- PROMPT -
Filter the data below, keeping only lines that contain "coefficients".

Segment Open

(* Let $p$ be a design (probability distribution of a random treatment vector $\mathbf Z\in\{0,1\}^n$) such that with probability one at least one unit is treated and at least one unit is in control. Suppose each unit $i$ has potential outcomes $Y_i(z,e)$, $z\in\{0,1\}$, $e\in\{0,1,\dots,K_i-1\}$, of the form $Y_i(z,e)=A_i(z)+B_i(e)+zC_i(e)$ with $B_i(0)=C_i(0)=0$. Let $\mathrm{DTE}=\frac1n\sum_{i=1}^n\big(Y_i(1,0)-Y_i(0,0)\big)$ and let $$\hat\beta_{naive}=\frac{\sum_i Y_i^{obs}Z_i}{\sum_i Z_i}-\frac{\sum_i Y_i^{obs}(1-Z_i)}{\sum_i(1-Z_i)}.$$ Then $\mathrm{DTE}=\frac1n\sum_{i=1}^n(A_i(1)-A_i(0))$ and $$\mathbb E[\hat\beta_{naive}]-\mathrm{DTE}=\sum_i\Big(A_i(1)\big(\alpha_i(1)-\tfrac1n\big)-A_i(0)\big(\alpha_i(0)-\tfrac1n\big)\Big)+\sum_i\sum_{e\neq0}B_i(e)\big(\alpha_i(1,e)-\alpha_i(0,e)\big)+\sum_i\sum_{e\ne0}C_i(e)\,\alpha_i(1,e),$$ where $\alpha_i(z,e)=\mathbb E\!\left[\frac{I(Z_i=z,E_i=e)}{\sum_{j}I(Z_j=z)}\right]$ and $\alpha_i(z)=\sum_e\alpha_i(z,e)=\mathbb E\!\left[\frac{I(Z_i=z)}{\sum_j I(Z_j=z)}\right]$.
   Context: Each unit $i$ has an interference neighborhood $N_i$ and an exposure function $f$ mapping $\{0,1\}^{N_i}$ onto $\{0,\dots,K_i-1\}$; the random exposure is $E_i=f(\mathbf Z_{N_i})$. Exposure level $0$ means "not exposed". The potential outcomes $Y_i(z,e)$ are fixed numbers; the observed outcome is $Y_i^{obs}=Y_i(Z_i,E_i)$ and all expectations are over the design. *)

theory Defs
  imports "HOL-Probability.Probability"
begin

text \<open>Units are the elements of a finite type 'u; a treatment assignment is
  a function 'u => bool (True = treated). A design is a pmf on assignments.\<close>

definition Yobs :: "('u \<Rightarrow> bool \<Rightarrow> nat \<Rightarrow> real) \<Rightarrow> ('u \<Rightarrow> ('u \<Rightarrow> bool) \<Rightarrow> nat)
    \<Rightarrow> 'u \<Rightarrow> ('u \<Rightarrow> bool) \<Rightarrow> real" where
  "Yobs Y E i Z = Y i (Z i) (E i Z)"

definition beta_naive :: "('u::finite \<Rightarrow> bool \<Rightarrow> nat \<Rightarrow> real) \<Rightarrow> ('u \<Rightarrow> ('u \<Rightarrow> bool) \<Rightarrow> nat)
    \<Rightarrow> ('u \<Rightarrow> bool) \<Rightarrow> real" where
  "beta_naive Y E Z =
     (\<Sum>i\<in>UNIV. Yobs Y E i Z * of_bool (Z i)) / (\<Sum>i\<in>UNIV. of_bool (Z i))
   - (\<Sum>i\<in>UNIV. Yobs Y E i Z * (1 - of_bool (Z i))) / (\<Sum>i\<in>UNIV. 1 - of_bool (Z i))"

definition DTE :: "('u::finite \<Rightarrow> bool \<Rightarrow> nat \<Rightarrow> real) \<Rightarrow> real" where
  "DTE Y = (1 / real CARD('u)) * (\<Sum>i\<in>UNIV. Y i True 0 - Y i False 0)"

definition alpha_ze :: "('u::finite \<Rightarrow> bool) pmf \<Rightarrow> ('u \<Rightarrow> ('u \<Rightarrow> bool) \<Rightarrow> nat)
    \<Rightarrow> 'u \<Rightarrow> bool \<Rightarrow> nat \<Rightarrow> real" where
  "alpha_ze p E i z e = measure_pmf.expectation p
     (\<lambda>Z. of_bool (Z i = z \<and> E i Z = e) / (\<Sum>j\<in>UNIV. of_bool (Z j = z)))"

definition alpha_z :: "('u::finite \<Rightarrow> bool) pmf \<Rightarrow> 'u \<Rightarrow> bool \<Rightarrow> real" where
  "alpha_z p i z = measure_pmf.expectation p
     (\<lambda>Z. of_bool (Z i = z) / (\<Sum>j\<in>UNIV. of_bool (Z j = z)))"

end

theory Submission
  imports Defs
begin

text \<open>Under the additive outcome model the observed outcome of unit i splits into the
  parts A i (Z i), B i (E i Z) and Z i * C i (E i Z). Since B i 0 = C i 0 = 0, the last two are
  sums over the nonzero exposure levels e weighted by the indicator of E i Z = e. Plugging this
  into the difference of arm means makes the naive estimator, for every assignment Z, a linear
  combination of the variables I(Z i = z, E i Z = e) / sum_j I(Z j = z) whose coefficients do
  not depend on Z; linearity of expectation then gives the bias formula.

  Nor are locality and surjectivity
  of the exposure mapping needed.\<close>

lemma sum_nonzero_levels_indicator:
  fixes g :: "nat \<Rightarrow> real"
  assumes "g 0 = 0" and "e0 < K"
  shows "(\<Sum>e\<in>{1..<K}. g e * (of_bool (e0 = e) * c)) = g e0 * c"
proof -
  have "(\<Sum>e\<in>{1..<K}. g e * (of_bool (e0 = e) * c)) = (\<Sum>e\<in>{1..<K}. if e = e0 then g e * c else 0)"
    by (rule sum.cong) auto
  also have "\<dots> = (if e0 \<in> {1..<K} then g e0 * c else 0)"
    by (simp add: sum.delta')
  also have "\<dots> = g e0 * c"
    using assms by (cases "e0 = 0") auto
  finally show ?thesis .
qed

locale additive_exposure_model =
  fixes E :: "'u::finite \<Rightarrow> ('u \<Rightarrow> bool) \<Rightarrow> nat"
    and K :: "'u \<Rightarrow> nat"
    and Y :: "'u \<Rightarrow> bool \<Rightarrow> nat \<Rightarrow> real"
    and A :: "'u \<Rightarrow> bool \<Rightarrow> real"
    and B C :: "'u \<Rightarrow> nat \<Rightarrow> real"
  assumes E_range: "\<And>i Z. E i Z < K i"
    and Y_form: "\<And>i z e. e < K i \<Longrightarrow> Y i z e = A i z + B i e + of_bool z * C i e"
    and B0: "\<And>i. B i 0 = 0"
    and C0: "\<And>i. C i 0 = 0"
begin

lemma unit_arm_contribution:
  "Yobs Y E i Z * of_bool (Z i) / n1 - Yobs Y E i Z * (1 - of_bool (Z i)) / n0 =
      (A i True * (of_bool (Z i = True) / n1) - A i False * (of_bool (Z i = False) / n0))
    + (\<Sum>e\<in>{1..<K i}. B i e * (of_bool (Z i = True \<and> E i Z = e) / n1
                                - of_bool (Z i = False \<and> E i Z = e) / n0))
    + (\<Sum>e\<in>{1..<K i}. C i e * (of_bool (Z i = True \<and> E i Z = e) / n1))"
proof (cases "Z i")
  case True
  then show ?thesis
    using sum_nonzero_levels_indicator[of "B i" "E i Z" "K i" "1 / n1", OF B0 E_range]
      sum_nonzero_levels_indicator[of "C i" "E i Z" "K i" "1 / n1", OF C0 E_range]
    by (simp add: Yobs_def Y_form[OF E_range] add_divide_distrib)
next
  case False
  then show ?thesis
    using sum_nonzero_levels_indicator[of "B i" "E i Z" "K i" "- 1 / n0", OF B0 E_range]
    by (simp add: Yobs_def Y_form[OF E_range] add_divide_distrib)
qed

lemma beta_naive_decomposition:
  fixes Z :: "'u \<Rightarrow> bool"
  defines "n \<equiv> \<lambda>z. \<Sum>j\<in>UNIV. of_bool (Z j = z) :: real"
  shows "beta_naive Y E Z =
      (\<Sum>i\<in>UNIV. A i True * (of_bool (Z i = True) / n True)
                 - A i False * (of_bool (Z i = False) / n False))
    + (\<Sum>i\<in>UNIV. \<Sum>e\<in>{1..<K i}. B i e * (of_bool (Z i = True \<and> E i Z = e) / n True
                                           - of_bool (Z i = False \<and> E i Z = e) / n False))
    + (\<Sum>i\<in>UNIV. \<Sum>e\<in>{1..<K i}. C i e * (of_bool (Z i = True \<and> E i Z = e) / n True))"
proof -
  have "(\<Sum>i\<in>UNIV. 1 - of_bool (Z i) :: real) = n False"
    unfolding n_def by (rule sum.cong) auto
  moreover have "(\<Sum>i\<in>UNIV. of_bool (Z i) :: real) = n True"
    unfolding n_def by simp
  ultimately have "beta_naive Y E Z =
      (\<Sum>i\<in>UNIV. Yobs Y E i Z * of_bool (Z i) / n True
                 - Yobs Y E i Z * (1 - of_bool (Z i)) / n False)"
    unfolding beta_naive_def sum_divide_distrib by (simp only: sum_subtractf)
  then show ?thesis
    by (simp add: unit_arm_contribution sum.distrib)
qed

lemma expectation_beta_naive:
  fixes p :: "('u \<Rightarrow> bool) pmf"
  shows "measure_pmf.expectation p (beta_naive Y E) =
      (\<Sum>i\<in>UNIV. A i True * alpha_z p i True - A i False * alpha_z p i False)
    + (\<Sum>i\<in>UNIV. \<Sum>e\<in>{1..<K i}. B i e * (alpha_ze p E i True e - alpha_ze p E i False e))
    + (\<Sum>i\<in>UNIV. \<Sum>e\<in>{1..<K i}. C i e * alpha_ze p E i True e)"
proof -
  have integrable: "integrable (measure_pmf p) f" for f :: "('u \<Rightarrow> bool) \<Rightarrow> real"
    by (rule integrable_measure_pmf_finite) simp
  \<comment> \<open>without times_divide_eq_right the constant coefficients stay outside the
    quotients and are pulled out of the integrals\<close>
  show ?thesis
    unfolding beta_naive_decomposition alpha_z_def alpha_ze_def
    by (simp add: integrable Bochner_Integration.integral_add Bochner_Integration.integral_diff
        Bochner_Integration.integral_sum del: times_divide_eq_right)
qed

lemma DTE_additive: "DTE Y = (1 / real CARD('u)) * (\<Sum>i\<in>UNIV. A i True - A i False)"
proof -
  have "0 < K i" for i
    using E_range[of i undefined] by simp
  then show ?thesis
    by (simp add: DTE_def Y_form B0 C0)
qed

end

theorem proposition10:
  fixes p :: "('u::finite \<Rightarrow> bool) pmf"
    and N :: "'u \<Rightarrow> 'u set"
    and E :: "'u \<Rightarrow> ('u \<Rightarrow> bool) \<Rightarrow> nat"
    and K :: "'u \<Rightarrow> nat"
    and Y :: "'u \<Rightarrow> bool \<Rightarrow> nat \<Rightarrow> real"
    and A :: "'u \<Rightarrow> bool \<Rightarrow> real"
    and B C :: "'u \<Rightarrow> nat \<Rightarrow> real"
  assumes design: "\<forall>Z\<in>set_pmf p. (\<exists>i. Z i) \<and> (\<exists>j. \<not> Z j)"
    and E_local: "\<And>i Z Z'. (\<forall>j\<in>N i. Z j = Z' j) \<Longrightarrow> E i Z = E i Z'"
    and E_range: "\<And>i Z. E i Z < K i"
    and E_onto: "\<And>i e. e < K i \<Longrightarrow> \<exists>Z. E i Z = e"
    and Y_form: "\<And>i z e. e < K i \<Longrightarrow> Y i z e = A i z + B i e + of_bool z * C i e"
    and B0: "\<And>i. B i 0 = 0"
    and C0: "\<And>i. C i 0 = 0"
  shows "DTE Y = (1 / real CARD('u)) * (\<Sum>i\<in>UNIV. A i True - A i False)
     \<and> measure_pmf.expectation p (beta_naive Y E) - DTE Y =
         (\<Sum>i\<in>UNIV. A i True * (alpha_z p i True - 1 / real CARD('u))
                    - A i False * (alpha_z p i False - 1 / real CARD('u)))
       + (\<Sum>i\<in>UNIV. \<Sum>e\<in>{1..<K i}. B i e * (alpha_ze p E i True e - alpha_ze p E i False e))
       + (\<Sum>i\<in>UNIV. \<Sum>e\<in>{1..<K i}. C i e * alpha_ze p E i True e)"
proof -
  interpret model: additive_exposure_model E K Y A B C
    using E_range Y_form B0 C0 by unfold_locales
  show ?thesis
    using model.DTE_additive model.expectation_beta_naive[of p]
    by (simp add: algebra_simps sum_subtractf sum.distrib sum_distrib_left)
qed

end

Segment Closed

- ANSWER TO THIS EXERCISE -
  combination of the variables I(Z i = z, E i Z = e) / sum_j I(Z j = z) whose coefficients do
  \<comment> \<open>without times_divide_eq_right the constant coefficients stay outside the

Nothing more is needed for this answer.